Over the past 10 years, I have been a “single poly” with no main partner; I have been in three-person relationships; I have had open relationships and dated people in open marriages. The best parts of those experiences have overwhelmingly been clothed ones.

‘How very millennial’

There’s something profoundly millennial about polyamory, something quintessentially bound up with my fearful, frustrated, over-examined generation, with our swollen sense of consequence, our need to balance instant gratification with the impulse to do good in a world gone mad. We want the sexual adventure and the free love that our parents, at least in theory, got to enjoy, but we also have a greater understanding of what could go wrong. We want fun and freedom, but we also want a good mark on the test. We want to do the right thing.

All of this makes polyamory sound a bit nerdy, a bit swotty — and it is. I find myself bewildered when online trend pieces going for titillation clicks present polyamory as gruesomely hip or freakishly fashionable. Polyamory is a great many things, but it is not cool. Talking honestly about feelings will never be cool. Spending time discussing interpersonal boundaries and setting realistic expectations wasn’t cool in the 1970s and it isn’t cool now. It is, however, necessary.

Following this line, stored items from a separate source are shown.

text \<open>
  If \<open>\<Sum>i c\<^sub>i M\<^sub>i\<close> has rank at least r, this is witnessed by r vectors whose
  images are linearly independent. Independence of finitely many images is an open condition
  in c: applying coordinate functionals turns a linear relation among the perturbed images
  into a small perturbation of the identity system, which has only the trivial solution.
  Ranks do not change when c is scaled, so only c on the compact unit sphere of the
  \<open>\<ell>\<^sup>1\<close>-norm matter; finitely many witness sets suffice to cover it, and U is the
  span of their union.
\<close>

definition indep_family ::
  "(complex \<Rightarrow> 'w::ab_group_add \<Rightarrow> 'w) \<Rightarrow> nat \<Rightarrow> (nat \<Rightarrow> 'w) \<Rightarrow> bool"
  where "indep_family sc r v \<longleftrightarrow> (\<forall>x. (\<Sum>j<r. sc (x j) (v j)) = 0 \<longrightarrow> (\<forall>j<r. x j = 0))"

definition lincomb ::
  "(complex \<Rightarrow> 'w::ab_group_add \<Rightarrow> 'w) \<Rightarrow> nat \<Rightarrow> (nat \<Rightarrow> 'v \<Rightarrow> 'w) \<Rightarrow>
    (nat \<Rightarrow> complex) \<Rightarrow> 'v \<Rightarrow> 'w"
  where "lincomb sc s M c x = (\<Sum>i<s. sc (c i) (M i x))"

lemma tuple_rank_ge_iff:
  "enat r \<le> tuple_rank sc s M S \<longleftrightarrow>
     (\<forall>c. (\<exists>i<s. c i \<noteq> 0) \<longrightarrow> enat r \<le> vs_dim sc (lincomb sc s M c ` S))"
  by (simp add: tuple_rank_def le_INF_iff map_rank_def lincomb_def[abs_def])

lemma vs_dim_mono: "X \<subseteq> Y \<Longrightarrow> vs_dim sc X \<le> vs_dim sc Y"
  unfolding vs_dim_def by (rule Sup_subset_mono) blast

lemma near_identity_system_trivial:
  fixes x :: "nat \<Rightarrow> 'a::real_normed_div_algebra"
  assumes eq: "\<And>k. k < r \<Longrightarrow> x k + (\<Sum>j<r. a k j * x j) = 0"
    and small: "(\<Sum>k<r. \<Sum>j<r. norm (a k j)) < 1"
  shows "\<forall>k<r. x k = 0"
proof -
  define S where "S = (\<Sum>k<r. norm (x k))"
  have xS: "norm (x j) \<le> S" if "j < r" for j
    unfolding S_def by (rule member_le_sum) (use that in auto)
  have bound: "norm (x k) \<le> S * (\<Sum>j<r. norm (a k j))" if k: "k < r" for k
  proof -
    have "norm (x k) = norm (\<Sum>j<r. a k j * x j)"
      using eq[OF k] by (metis add_eq_0_iff2 norm_minus_cancel)
    also have "\<dots> \<le> (\<Sum>j<r. norm (a k j) * norm (x j))"
      by (rule order_trans[OF norm_sum]) (simp add: norm_mult)
    also have "\<dots> \<le> (\<Sum>j<r. norm (a k j) * S)"
      by (rule sum_mono) (simp add: mult_left_mono xS)
    finally show ?thesis by (simp add: sum_distrib_left mult.commute)
  qed
  have "S \<le> (\<Sum>k<r. S * (\<Sum>j<r. norm (a k j)))"
    by (subst (1) S_def) (rule sum_mono, simp add: bound)
  also have "\<dots> = S * (\<Sum>k<r. \<Sum>j<r. norm (a k j))"
    by (simp add: sum_distrib_left)
  finally have "S \<le> S * (\<Sum>k<r. \<Sum>j<r. norm (a k j))" .
  moreover have "S \<ge> 0"
    by (simp add: S_def sum_nonneg)
  ultimately have "S = 0"
    using small mult_strict_left_mono[OF small, of S] by fastforce
  then show ?thesis
    by (simp add: S_def sum_nonneg_eq_0_iff)
qed

locale complex_vector_space = vector_space scale for scale :: "complex \<Rightarrow> 'v::ab_group_add \<Rightarrow> 'v"
begin

lemma indep_family_inj_on:
  assumes "indep_family scale r v"
  shows "inj_on v {..<r}"
proof (rule inj_onI, rule ccontr)
  fix a b assume ab: "a \<in> {..<r}" "b \<in> {..<r}" "v a = v b" "a \<noteq> b"
  define x where "x = (\<lambda>j. if j = a then 1 else if j = b then -1 else (0::complex))"
  have "(\<Sum>j<r. scale (x j) (v j)) = (\<Sum>j\<in>{a,b}. scale (x j) (v j))"
    by (rule sum.mono_neutral_right) (use ab in \<open>auto simp: x_def\<close>)
  also have "\<dots> = 0" using ab by (simp add: x_def scale_minus_left)
  finally have "x a = 0" using assms ab unfolding indep_family_def by blast
  then show False by (simp add: x_def)
qed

There is so little that makes ethical sense in the lives of young and youngish people today. If there is an economic type that is over-represented among the poly people I have encountered, it is members of the precariat: what Paul Mason memorably called the middle-class “graduate with no future.” Even the limited social and economic certainties that our parents grew up with are unavailable to us. We are told, especially if we are women, that the answer to loneliness and frustration is to find that one, ideal partner who will fulfill all our emotional, financial, domestic and sexual needs. We are told this even though we know full well that it doesn’t work out for a lot of people. Almost half of all marriages end in divorce.

true-blood-threesome.gif

Challenging the doctrine of monogamy

Paradoxically, as the moral grip of religious patriarchy has loosened its hold in the West, the doctrine of monogamous romance has become ever more entrenched. Marriage was once understood as a practical, domestic arrangement that involved a certain amount of self-denial. Now your life partner is also supposed to answer your every intimate and practical need, from orgasms to organizing the school run.

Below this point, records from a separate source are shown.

theorem indc_stage_eqs_iff_lin_comb:
  "indc_stage_eqs M K A0 b0 a b c tn H F yn Y \<longleftrightarrow> (\<forall>q\<in>I. Yq q = yn + H *\<^sub>R lin_comb I (stage_coeff q) g)"
proof -
  have agree: "(\<forall>(k, m, i)\<in>I. Y k m i = stage_rhs k m i) \<longleftrightarrow> (\<forall>q\<in>I. Yq q = yn + H *\<^sub>R lin_comb I (stage_coeff q) g)"
    if all: "\<forall>k\<le>K. last_stage_matches k"
  proof (rule ball_cong[OF refl])
    fix q assume q: "q \<in> I"
    obtain k m i where q_eq: "q = (k, m, i)" by (cases q)
    then have "k \<le> K" using q unfolding indc_index_def by simp
    then show "(case q of (k, m, i) \<Rightarrow> Y k m i = stage_rhs k m i)
        \<longleftrightarrow> Yq q = yn + H *\<^sub>R lin_comb I (stage_coeff q) g"
      using stage_rhs_eq_lin_comb[of k m i] q all unfolding q_eq by simp
  qed
  show ?thesis
    unfolding indc_stage_eqs_iff_stage_rhs
  proof (intro iffI)
    assume "\<forall>(k, m, i)\<in>I. Y k m i = stage_rhs k m i"
    with agree last_stage_matches_of_stage_rhs[OF this]
    show "\<forall>q\<in>I. Yq q = yn + H *\<^sub>R lin_comb I (stage_coeff q) g" by simp
  next
    assume "\<forall>q\<in>I. Yq q = yn + H *\<^sub>R lin_comb I (stage_coeff q) g"
    with agree last_stage_matches_of_lin_comb[OF this]
    show "\<forall>(k, m, i)\<in>I. Y k m i = stage_rhs k m i" by simp
  qed
qed

lemma indc_output_eq_last_stage:
  assumes "indc_stage_eqs M K A0 b0 a b c tn H F yn Y"
  shows "indc_output M K b0 b c tn H F yn Y = Y K (M - 1) (last_stage K)"
  using last_stage_matches_of_stage_rhs[of K] assms M_pos
  unfolding indc_stage_eqs_iff_stage_rhs indc_output_def last_stage_matches_def
  by (simp add: Suc_diff_1)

Polyamory is a response to the understanding that, for a great many of us, that ideal is impractical, if not an active source of unhappiness. People have all sorts of needs at different times in their lives — for love, companionship, care and intimacy, sexual adventure and self-expression — and expecting one person to be able to meet them all is not just unrealistic, it’s unreasonable. Women in particular, who often end up doing the bulk of the emotional labor in traditional, monogamous, heterosexual relationships, don’t have the energy to be anyone’s everything.

I don’t expect anyone to be everything to me. I want my freedom and I want to be ethical and I also want care and affection and pleasure in my life. I guess I’m greedy. I guess I’m a woman who wants to have it all. It’s just that my version of “having it all” is a little different from the picture of marriage, mortgage and monogamy to which I was raised to aspire.

Not all polyamorous relationships work out — nor do all conventional relationships. We’re making it up as we go along. It would be helpful to be able to do that without also having to deal with prejudice and suspicion.

It’s easy to see where the suspicion comes from. The idea of desire without bounds or limits is threatening. It’s a threat to a social order that exerts control by putting fences around our fantasies and making it wicked to want anything unsanctioned. It’s a threat to a society that has developed around the idea of mandatory heterosexual partnership as a way to organize households. It’s threatening because it’s utopian in a culture whose imagination is dystopian because it’s about pleasure and abundance in a culture that imposes scarcity and self-denial. Freedom is often frightening — and polyamory is about balancing freedom with mutual care. In this atomized society, that’s still a radical idea.